25 Februari 2019

Program Studi Sarjana Terapan Optometri UKRIDA, Pertama dan Satu-satunya di Indonesia

Publish by Humas

Sudah tahukah kamu apa dan bagaimana pentingnya program studi Optometri?

Di zaman yang semakin maju saat ini, perkembangan teknologi sangatlah pesat dan tidak dapat dihindari, bahkan saat ini kehidupan kita sangat bergantung pada teknologi. Tanpa kita sadari penggunaan teknologi yang terus-menerus kita gunakan membuat mata mudah dan rentan mengalami kerusakan.

Disinilah peran optometris sangatlah penting. Optometris dapat membantu memahami masalah penglihatan sehingga dapat meningkatkan kualitas hidup lebih baik melalui penglihatan yang lebih baik.

Optometri merupakan profesi perawatan kesehatan yang melibatkan pemeriksaan mata dan sistem visual yang berlaku untuk cacat atau kelainan serta diagnosis medis dan manajemen penyakit mata lainnya.

Optometri juga menghasilkan sumber daya manusia yang mampu mendidik masyarakat tentang kesehatan mata, dan memberikan solusi atas berbagai keluhan terkait masalah penglihatan, khususnya karena kelainan refraksi mata yang memerlukan koreksi. Optometri merupakan filter pertama dalam pemeriksaan kesehatan mata sebelum pasien dirujuk ke Opthalmologis.
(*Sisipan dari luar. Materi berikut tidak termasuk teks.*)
(* For integers $s,t\ge 0$ define $$m_{i,j}^{s,t}=\int_{(0,1)^2}\frac{x^{s+i}y^{s+j}}{x+y}\left(\frac{1-x}{1+x}\right)^t\left(\frac{1-y}{1+y}\right)^t\,dx\,dy\qquad(i,j\ge 0),$$ and $\tau_n^{s,t}=\det\big(m_{i,j}^{s,t}\big)_{i,j=0}^{n-1}$ for $n\ge 1$, with $\tau_0^{s,t}=1$. Then for all integers $n\ge 1$ and $s,t\ge 0$, the quantities $\tau_n^{s,t}$ satisfy the discrete CKP equation $$ \begin{aligned} &4\left(\tau_{n}^{s+1,t}\tau_n^{s,t}-\tau_{n+1}^{s,t}\tau_{n-1}^{s+1,t}\right)\left(\tau_n^{s+1,t+1}\tau_n^{s,t+1}-\tau_{n+1}^{s,t+1}\tau_{n-1}^{s+1,t+1}\right)\\ &\qquad=\left(\tau_n^{s+1,t}\tau_n^{s,t+1}+\tau_n^{s+1,t+1}\tau_n^{s,t}-\tau_{n+1}^{s,t+1}\tau_{n-1}^{s+1,t}-\tau_{n+1}^{s,t}\tau_{n-1}^{s+1,t+1}\right)^2. \end{aligned} $$
   Context: The numbers $\tau_n^{s,t}$ are the normalization factors (Gram determinants of bi-moments) of the Cauchy bi-orthogonal polynomials with the deformed Jacobi weight $x^s\big((1-x)/(1+x)\big)^t$ on $(0,1)$ and Cauchy kernel $1/(x+y)$. The empty determinant $\tau_0^{s,t}$ is taken to be $1$. *)

theory Defs
  imports "HOL-Analysis.Analysis"
begin

definition moment :: "nat \<Rightarrow> nat \<Rightarrow> nat \<Rightarrow> nat \<Rightarrow> real" where
  "moment s t i j =
     (LINT z:{0<..<1} \<times> {0<..<1} | (lborel :: (real \<times> real) measure).
        (fst z) ^ (s + i) * (snd z) ^ (s + j) / (fst z + snd z)
        * ((1 - fst z) / (1 + fst z)) ^ t * ((1 - snd z) / (1 + snd z)) ^ t)"

definition detn :: "nat \<Rightarrow> (nat \<Rightarrow> nat \<Rightarrow> real) \<Rightarrow> real" where
  "detn n A = (\<Sum>p | p permutes {..<n}. of_int (sign p) * (\<Prod>i<n. A i (p i)))"

definition tau :: "nat \<Rightarrow> nat \<Rightarrow> nat \<Rightarrow> real" where
  "tau n s t = detn n (moment s t)"

lemma tau_0: "tau 0 s t = 1"
  by (simp add: tau_def detn_def)

end

theory Submission
  imports Defs "Jordan_Normal_Form.Determinant" "Jordan_Normal_Form.Char_Poly"
begin

text \<open>Raising \<open>s\<close> by one shifts both indices of the bi-moments, so \<open>\<tau>\<^sup>s\<^sup>+\<^sup>1\<close> are the minors of the
  moment matrix with its first row and column removed. Raising \<open>t\<close> by one is a rank-one update
  \<open>m\<^sup>t\<^sup>+\<^sup>1 = m\<^sup>t - 2 \<phi> \<phi>\<^sup>T\<close>, because
  \<open>(1-x)/(1+x) \<cdot> (1-y)/(1+y) / (x+y) = 1/(x+y) - 2/((1+x)(1+y))\<close>; hence all determinants involved
  are affine functions of the coefficient \<open>c\<close> of the update \<open>m + c \<phi> \<phi>\<^sup>T\<close>. The Desnanot--Jacobi
  identity for the first and last rows and columns, together with the symmetry of the moments,
  gives \<open>A(c) B(c) - C(c) D(c) = S(c)\<^sup>2\<close> for such affine \<open>A, B, C, D, S\<close>, and comparing this
  at \<open>c = 0\<close> and \<open>c = -2\<close> yields the discrete CKP equation.\<close>

section \<open>Determinant identities\<close>

lemma detn_eq_det: "detn n F = Determinant.det (Matrix.mat n n (\<lambda>(i,j). F i j))"
proof -
  have "Determinant.det (Matrix.mat n n (\<lambda>(i,j). F i j)) =
     (\<Sum>p | p permutes {0..<n}. of_int (sign p) * (\<Prod>i = 0..<n. Matrix.mat n n (\<lambda>(i,j). F i j) $$ (i, p i)))"
    by (rule det_def') simp
  also have "\<dots> = (\<Sum>p | p permutes {..<n}. of_int (sign p) * (\<Prod>i<n. F i (p i)))"
  proof (rule sum.cong)
    fix p assume "p \<in> {p. p permutes {..<n}}"
    then have "i < n \<Longrightarrow> p i < n" for i
      using permutes_in_image by fastforce
    then show "of_int (sign p) * (\<Prod>i = 0..<n. Matrix.mat n n (\<lambda>(i,j). F i j) $$ (i, p i))
             = of_int (sign p) * (\<Prod>i<n. F i (p i))"
      by (simp add: atLeast0LessThan)
  qed (simp add: atLeast0LessThan)
  finally show ?thesis
    unfolding detn_def by simp
qed

lemma detn_cong:
  assumes "\<And>i j. i < n \<Longrightarrow> j < n \<Longrightarrow> F i j = G i j"
  shows "detn n F = detn n G"
  unfolding detn_eq_det using assms by (intro arg_cong[where f = Determinant.det] eq_matI) auto

lemma detn_transpose: "detn n (\<lambda>i j. F j i) = detn n F"
  unfolding detn_eq_det
  by (subst det_transpose[symmetric]) (auto intro!: arg_cong[where f = Determinant.det] eq_matI)

lemma detn_permute_rows:
  assumes "p permutes {..<n}"
  shows "detn n (\<lambda>i j. F (p i) j) = of_int (sign p) * detn n F"
proof -
  have p: "p permutes {0..<n}"
    using assms by (simp add: atLeast0LessThan)
  have "Matrix.mat n n (\<lambda>(i,j). F (p i) j) = Matrix.mat n n (\<lambda>(i,j). Matrix.mat n n (\<lambda>(i,j). F i j) $$ (p i, j))"
    using permutes_in_image[OF p] by (intro eq_matI) auto
  then show ?thesis
    unfolding detn_eq_det using det_permute_rows[OF _ p, of "Matrix.mat n n (\<lambda>(i,j). F i j)"] by simp
qed

lemma detn_permute_cols:
  assumes "p permutes {..<n}"
  shows "detn n (\<lambda>i j. F i (p j)) = of_int (sign p) * detn n F"
  using detn_permute_rows[OF assms, of "\<lambda>i j. F j i"]
    detn_transpose[of n "\<lambda>i j. F j (p i)"] detn_transpose[of n F]
  by simp

lemma detn_permute:
  assumes "p permutes {..<n}"
  shows "detn n (\<lambda>i j. F (p i) (p j)) = detn n F"
proof -
  have "(of_int (sign p) :: real) * of_int (sign p) = 1"
    by (simp add: sign_def)
  then show ?thesis
    using detn_permute_rows[OF assms, of "\<lambda>i j. F i (p j)"] detn_permute_cols[OF assms, of F]
    by (simp add: mult.assoc[symmetric])
qed

text \<open>\<open>(det B) W - V (adj B) U\<close> is \<open>det B\<close> times the Schur complement \<open>W - V B\<^sup>-\<^sup>1 U\<close>.\<close>

lemma det_four_block_mat_adj:
  fixes B :: "'a::idom mat"
  assumes B: "B \<in> carrier_mat m m" and U: "U \<in> carrier_mat m k"
    and V: "V \<in> carrier_mat k m" and W: "W \<in> carrier_mat k k"
    and nonsingular: "Determinant.det B \<noteq> 0"
  shows "Determinant.det B ^ k * Determinant.det (four_block_mat B U V W) =
         Determinant.det B * Determinant.det ((Determinant.det B \<cdot>\<^sub>m 1\<^sub>m k) * W + (- (V * adj_mat B)) * U)"
proof -
  define d where "d = Determinant.det B"
  define A where "A = adj_mat B"
  have A: "A \<in> carrier_mat m m" and AB: "A * B = d \<cdot>\<^sub>m 1\<^sub>m m"
    using adj_mat[OF B] unfolding A_def d_def by auto
  define L where "L = four_block_mat A (0\<^sub>m m k) (- (V * A)) (d \<cdot>\<^sub>m 1\<^sub>m k)"
  define S where "S = (d \<cdot>\<^sub>m 1\<^sub>m k) * W + (- (V * A)) * U"
  have VA: "V * A \<in> carrier_mat k m" using V A by auto
  have S: "S \<in> carrier_mat k k" unfolding S_def using V A U W by auto
  have LM: "L * four_block_mat B U V W = four_block_mat (d \<cdot>\<^sub>m 1\<^sub>m m) (A * U) (0\<^sub>m k m) S"
  proof -
    have "L * four_block_mat B U V W = four_block_mat (A * B + 0\<^sub>m m k * V) (A * U + 0\<^sub>m m k * W)
        ((- (V * A)) * B + (d \<cdot>\<^sub>m 1\<^sub>m k) * V) ((- (V * A)) * U + (d \<cdot>\<^sub>m 1\<^sub>m k) * W)"
      unfolding L_def by (rule mult_four_block_mat) (use A B U V W VA in auto)
    also have "A * B + 0\<^sub>m m k * V = d \<cdot>\<^sub>m 1\<^sub>m m" using AB V by simp
    also have "A * U + 0\<^sub>m m k * W = A * U" using A U W by simp
    also have "(- (V * A)) * B + (d \<cdot>\<^sub>m 1\<^sub>m k) * V = 0\<^sub>m k m"
    proof -
      have "(- (V * A)) * B = - (V * (A * B))"
        using V A B VA by (simp add: uminus_mult_left_mat assoc_mult_mat)
      also have "\<dots> = - (d \<cdot>\<^sub>m V)"
        using V AB by (simp add: mult_smult_distrib[of V k m "1\<^sub>m m" m])
      finally have VAB: "(- (V * A)) * B = - (d \<cdot>\<^sub>m V)" .
      have dV: "(d \<cdot>\<^sub>m 1\<^sub>m k) * V = d \<cdot>\<^sub>m V"
        using V by (simp add: mult_smult_assoc_mat[of "1\<^sub>m k" k k V m])
      show ?thesis
        unfolding VAB dV using V by (intro uminus_l_inv_mat) auto
    qed
    also have "(- (V * A)) * U + (d \<cdot>\<^sub>m 1\<^sub>m k) * W = S"
      unfolding S_def using V A U W by (intro comm_add_mat) auto
    finally show ?thesis .
  qed
  have "Determinant.det L * Determinant.det (four_block_mat B U V W) = d ^ m * Determinant.det S"
  proof -
    have "Determinant.det (L * four_block_mat B U V W) = d ^ m * Determinant.det S"
      unfolding LM by (subst det_four_block_mat_lower_left_zero[of _ m _ k]) (use A U S in auto)
    moreover have "L \<in> carrier_mat (m + k) (m + k)"
      unfolding L_def using A VA by auto
    ultimately show ?thesis
      using det_mult B U V W by (metis four_block_carrier_mat)
  qed
  moreover have "Determinant.det L = Determinant.det A * d ^ k"
    unfolding L_def by (subst det_four_block_mat_upper_right_zero[of _ m _ k]) (use A VA in auto)
  moreover have detA: "Determinant.det A * d = d ^ m"
    using det_mult[OF A B] AB by (simp add: d_def)
  ultimately have "Determinant.det A * (d ^ k * Determinant.det (four_block_mat B U V W)) =
      Determinant.det A * (d * Determinant.det S)"
    by (simp add: mult.assoc[symmetric])
  moreover have "Determinant.det A \<noteq> 0"
    using detA nonsingular d_def by auto
  ultimately show ?thesis
    unfolding S_def A_def d_def by simp
qed

text \<open>\<open>det B\<close> times the \<open>(a, b)\<close> entry of the Schur complement of the leading \<open>m \<times> m\<close> block \<open>B\<close>
  of \<open>G\<close>.\<close>

definition schur_entry :: "(nat \<Rightarrow> nat \<Rightarrow> 'a::comm_ring_1) \<Rightarrow> nat \<Rightarrow> nat \<Rightarrow> nat \<Rightarrow> 'a" where
  "schur_entry G m a b = Determinant.det (Matrix.mat m m (\<lambda>(i,j). G i j)) * G a b
     - (\<Sum>q<m. (\<Sum>p<m. G a p * adj_mat (Matrix.mat m m (\<lambda>(i,j). G i j)) $$ (p,q)) * G q b)"

lemma det_schur_complement:
  fixes G :: "nat \<Rightarrow> nat \<Rightarrow> 'a::idom" and r c :: "nat \<Rightarrow> nat"
  assumes nonsingular: "Determinant.det (Matrix.mat m m (\<lambda>(i,j). G i j)) \<noteq> 0"
  shows "Determinant.det (Matrix.mat m m (\<lambda>(i,j). G i j)) ^ k *
      Determinant.det (Matrix.mat (m+k) (m+k) (\<lambda>(i,j). G (if i<m then i else r (i-m)) (if j<m then j else c (j-m))))
    = Determinant.det (Matrix.mat m m (\<lambda>(i,j). G i j)) * Determinant.det (Matrix.mat k k (\<lambda>(i,j). schur_entry G m (r i) (c j)))"
proof -
  define B where "B = Matrix.mat m m (\<lambda>(i,j). G i j)"
  define U where "U = Matrix.mat m k (\<lambda>(i,j). G i (c j))"
  define V where "V = Matrix.mat k m (\<lambda>(i,j). G (r i) j)"
  define W where "W = Matrix.mat k k (\<lambda>(i,j). G (r i) (c j))"
  have B: "B \<in> carrier_mat m m" and U: "U \<in> carrier_mat m k" and V: "V \<in> carrier_mat k m"
    and W: "W \<in> carrier_mat k k"
    unfolding B_def U_def V_def W_def by auto
  have A: "adj_mat B \<in> carrier_mat m m"
    using adj_mat(1)[OF B] .
  have M: "four_block_mat B U V W =
      Matrix.mat (m+k) (m+k) (\<lambda>(i,j). G (if i<m then i else r (i-m)) (if j<m then j else c (j-m)))"
    by (rule eq_matI) (auto simp: B_def U_def V_def W_def index_mat_four_block)
  have S: "(Determinant.det B \<cdot>\<^sub>m 1\<^sub>m k) * W + (- (V * adj_mat B)) * U
      = Matrix.mat k k (\<lambda>(i,j). schur_entry G m (r i) (c j))"
  proof (rule eq_matI)
    fix i j assume i: "i < dim_row (Matrix.mat k k (\<lambda>(i,j). schur_entry G m (r i) (c j)))"
      and j: "j < dim_col (Matrix.mat k k (\<lambda>(i,j). schur_entry G m (r i) (c j)))"
    have "((Determinant.det B \<cdot>\<^sub>m 1\<^sub>m k) * W) $$ (i,j) = Determinant.det B * G (r i) (c j)"
      using i j W by (simp add: mult_smult_assoc_mat[of "1\<^sub>m k" k k W k]) (simp add: W_def)
    moreover have "((- (V * adj_mat B)) * U) $$ (i,j) =
        - (\<Sum>q<m. (\<Sum>p<m. G (r i) p * adj_mat B $$ (p,q)) * G q (c j))"
      using i j A V U by (simp add: index_mult_mat scalar_prod_def V_def U_def atLeast0LessThan)
    ultimately show "((Determinant.det B \<cdot>\<^sub>m 1\<^sub>m k) * W + (- (V * adj_mat B)) * U) $$ (i, j) =
        Matrix.mat k k (\<lambda>(i,j). schur_entry G m (r i) (c j)) $$ (i, j)"
      using i j A V U W by (simp add: schur_entry_def B_def)
  qed (use U V in auto)
  have "Determinant.det B ^ k * Determinant.det (four_block_mat B U V W) =
      Determinant.det B * Determinant.det ((Determinant.det B \<cdot>\<^sub>m 1\<^sub>m k) * W + (- (V * adj_mat B)) * U)"
    using det_four_block_mat_adj[OF B U V W] nonsingular unfolding B_def by simp
  then show ?thesis
    unfolding M S unfolding B_def .
qed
Daftarkan dirimu segera di Optometri UKRIDA, bergabung menjadi pemimpin untuk masa depan dan kesehatan yang lebih baik! UKRIDA, take the lead!

Sarjana Optometris memiliki wewenang untuk memeriksa ketajaman penglihatan seseorang secara teratur, memeriksa masalah kesehatan mata atau gangguan pengelihatan seperti kondisi mata rabun jauh, rabun dekat, dan astigmatisme, serta memperbaiki dan merehabilitasi kelainan refraksi dengan meresepkan kacamata dan lensa kontak. Optometris juga dapat mendiagnosa beberapa kondisi seperti glaukoma, konjungtivitis dan retinopati diabetik.

Seorang Optomteri dapat merujuk pasien ke dokter spesialis mata jika seorang pasien dicurigai memiliki penyakit mata. Selain itu, Optometris dilatih memahami secara mendalam berbagai macam instrumen yang berkaitan dengan penyakit mata dan perkembangan terkini dari peralatan tersebut serta semua kemampuan yang dimiliki oleh refraksionis-optisien.

Menurut Global Vision Impairment Data 2015 (WHO), >75% dari gangguan kesehatan mata sebenarnya dapat dicegah. Kerugian negara akibat kebutaan dan gangguan penglihatan akan sangat besar, karena seorang penderita menjadi tidak produktif.

Perlu kita ketahui, bahwa di dunia ada 3 jenjang/jenis tenaga kesehatan mata, yaitu: dokter mata, optometris dan refrakto-optisi, saat ini di Indonesia, belum ada lulusan optometris. Pada kenyataannya kebutuhan akan sarjana terapan optometri sangat dibutuhkan untuk sekarang ataupun di masa yang akan datang. Berangkat dari fenomena tersebut UKRIDA membuka program studi terbarunya yaitu Optometri dalam kegiatan pembelajaran.

Berdiri di bawah Fakultas Kedokteran dan Ilmu Kesehatan, program studi sarjana terapan Optometri merupakan program strata-1 pertama dan satu-satunya di Indonesia. Sehingga dapat dibayangkan seberapa besar peluang pekerjaan yang ada pada bidang tersebut dibandingkan dengan program studi lainnya.